## ABOUT THIS TASK
Please output the entries below without altering a single character.

[Dataset entries]
lemma one_minus_err_prob_eq:
  "1 - err_prob pc pe ps l k w enc dec
     = (\<Sum>u\<in>bin_mats k w. measure_pmf.prob (outer_chan pc pe ps l (enc u)) {z. dec z = u}) / 2 ^ (k * w)"
proof -
  have "measure_pmf.prob p {z. dec z \<noteq> u} = 1 - measure_pmf.prob p {z. dec z = u}" for p u
    using measure_pmf.prob_compl[of "{z. dec z = u}" p]
    by (simp add: Compl_eq_Diff_UNIV[symmetric] Collect_neg_eq)
  then show ?thesis
    by (simp add: err_prob_def card_bin_mats sum_subtractf diff_divide_distrib)
qed

lemma sum_success_prob_le:
  assumes code: "is_code n l k w enc" and "l \<ge> 1"
    and "pc \<ge> 0" "pe \<ge> 0" "ps \<ge> 0" "pc + pe + ps = 1"
  shows "(\<Sum>u\<in>bin_mats k w. measure_pmf.prob (outer_chan pc pe ps l (enc u)) {z. dec z = u})
    \<le> (\<Sum>S\<in>Pow {..<n}. pc ^ card S * noise_mass pe ps l ^ (n - card S) *
          min (2 ^ (k * w)) (real ((2 ^ l + card S - 1) choose card S)))"
proof -
  define q where "q y u = measure_pmf.prob (chan2 y) {z. dec z = u}" for y u
  have M: "finite (bin_mats k w)" by (rule finite_bin_mats)
  have X: "enc ` bin_mats k w \<subseteq> bin_mats n l"
    using code by (simp add: is_code_def)
  have "measure_pmf.prob (outer_chan pc pe ps l (enc u)) {z. dec z = u}
      = (\<Sum>y\<in>output_lists l n. (\<Prod>i<n. row_density pc pe ps l (enc u ! i) (y ! i)) * q y u)"
    if "u \<in> bin_mats k w" for u
    using that X prob_outer_chan[of "enc u" l pc pe ps "{z. dec z = u}"] assms(2-6)
    by (auto simp: q_def bin_mats_def)
  then have "(\<Sum>u\<in>bin_mats k w. measure_pmf.prob (outer_chan pc pe ps l (enc u)) {z. dec z = u})
      = (\<Sum>u\<in>bin_mats k w. \<Sum>y\<in>output_lists l n.
           (\<Prod>i<n. row_density pc pe ps l (enc u ! i) (y ! i)) * q y u)"
    by (rule sum.cong[OF refl])
  also have "\<dots> \<le> (\<Sum>S\<in>Pow {..<n}. pc ^ card S * noise_mass pe ps l ^ (n - card S) *
          min (card (bin_mats k w)) (card (multisets_of_size (Some ` bit_rows l) (card S))))"
  proof (rule sum_success_le[OF M X _ _ _ assms(3-5)])
    show "q y u \<ge> 0" for y u by (simp add: q_def)
    show "q y = q y'" if "mset y = mset y'" for y y'
      using chan2_mset_eq[OF that] by (simp add: fun_eq_iff q_def)
    show "(\<Sum>u\<in>M'. q y u) \<le> 1" if "M' \<subseteq> bin_mats k w" for y M'
      unfolding q_def using that M by (intro sum_prob_preimages_le_1) (rule finite_subset)
  qed
  finally show ?thesis
    by (simp add: card_bin_mats card_multisets_of_size_bit_rows of_nat_min)
qed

## TASK OUTPUT
lemma one_minus_err_prob_eq:
  "1 - err_prob pc pe ps l k w enc dec
     = (\<Sum>u\<in>bin_mats k w. measure_pmf.prob (outer_chan pc pe ps l (enc u)) {z. dec z = u}) / 2 ^ (k * w)"
proof -
  have "measure_pmf.prob p {z. dec z \<noteq> u} = 1 - measure_pmf.prob p {z. dec z = u}" for p u
    using measure_pmf.prob_compl[of "{z. dec z = u}" p]
    by (simp add: Compl_eq_Diff_UNIV[symmetric] Collect_neg_eq)
  then show ?thesis
    by (simp add: err_prob_def card_bin_mats sum_subtractf diff_divide_distrib)
qed

lemma sum_success_prob_le:
  assumes code: "is_code n l k w enc" and "l \<ge> 1"
    and "pc \<ge> 0" "pe \<ge> 0" "ps \<ge> 0" "pc + pe + ps = 1"
  shows "(\<Sum>u\<in>bin_mats k w. measure_pmf.prob (outer_chan pc pe ps l (enc u)) {z. dec z = u})
    \<le> (\<Sum>S\<in>Pow {..<n}. pc ^ card S * noise_mass pe ps l ^ (n - card S) *
          min (2 ^ (k * w)) (real ((2 ^ l + card S - 1) choose card S)))"
proof -
  define q where "q y u = measure_pmf.prob (chan2 y) {z. dec z = u}" for y u
  have M: "finite (bin_mats k w)" by (rule finite_bin_mats)
  have X: "enc ` bin_mats k w \<subseteq> bin_mats n l"
    using code by (simp add: is_code_def)
  have "measure_pmf.prob (outer_chan pc pe ps l (enc u)) {z. dec z = u}
      = (\<Sum>y\<in>output_lists l n. (\<Prod>i<n. row_density pc pe ps l (enc u ! i) (y ! i)) * q y u)"
    if "u \<in> bin_mats k w" for u
    using that X prob_outer_chan[of "enc u" l pc pe ps "{z. dec z = u}"] assms(2-6)
    by (auto simp: q_def bin_mats_def)
  then have "(\<Sum>u\<in>bin_mats k w. measure_pmf.prob (outer_chan pc pe ps l (enc u)) {z. dec z = u})
      = (\<Sum>u\<in>bin_mats k w. \<Sum>y\<in>output_lists l n.
           (\<Prod>i<n. row_density pc pe ps l (enc u ! i) (y ! i)) * q y u)"
    by (rule sum.cong[OF refl])
  also have "\<dots> \<le> (\<Sum>S\<in>Pow {..<n}. pc ^ card S * noise_mass pe ps l ^ (n - card S) *
          min (card (bin_mats k w)) (card (multisets_of_size (Some ` bit_rows l) (card S))))"
  proof (rule sum_success_le[OF M X _ _ _ assms(3-5)])
    show "q y u \<ge> 0" for y u by (simp add: q_def)
    show "q y = q y'" if "mset y = mset y'" for y y'
      using chan2_mset_eq[OF that] by (simp add: fun_eq_iff q_def)
    show "(\<Sum>u\<in>M'. q y u) \<le> 1" if "M' \<subseteq> bin_mats k w" for y M'
      unfolding q_def using that M by (intro sum_prob_preimages_le_1) (rule finite_subset)
  qed
  finally show ?thesis
    by (simp add: card_bin_mats card_multisets_of_size_bit_rows of_nat_min)
qed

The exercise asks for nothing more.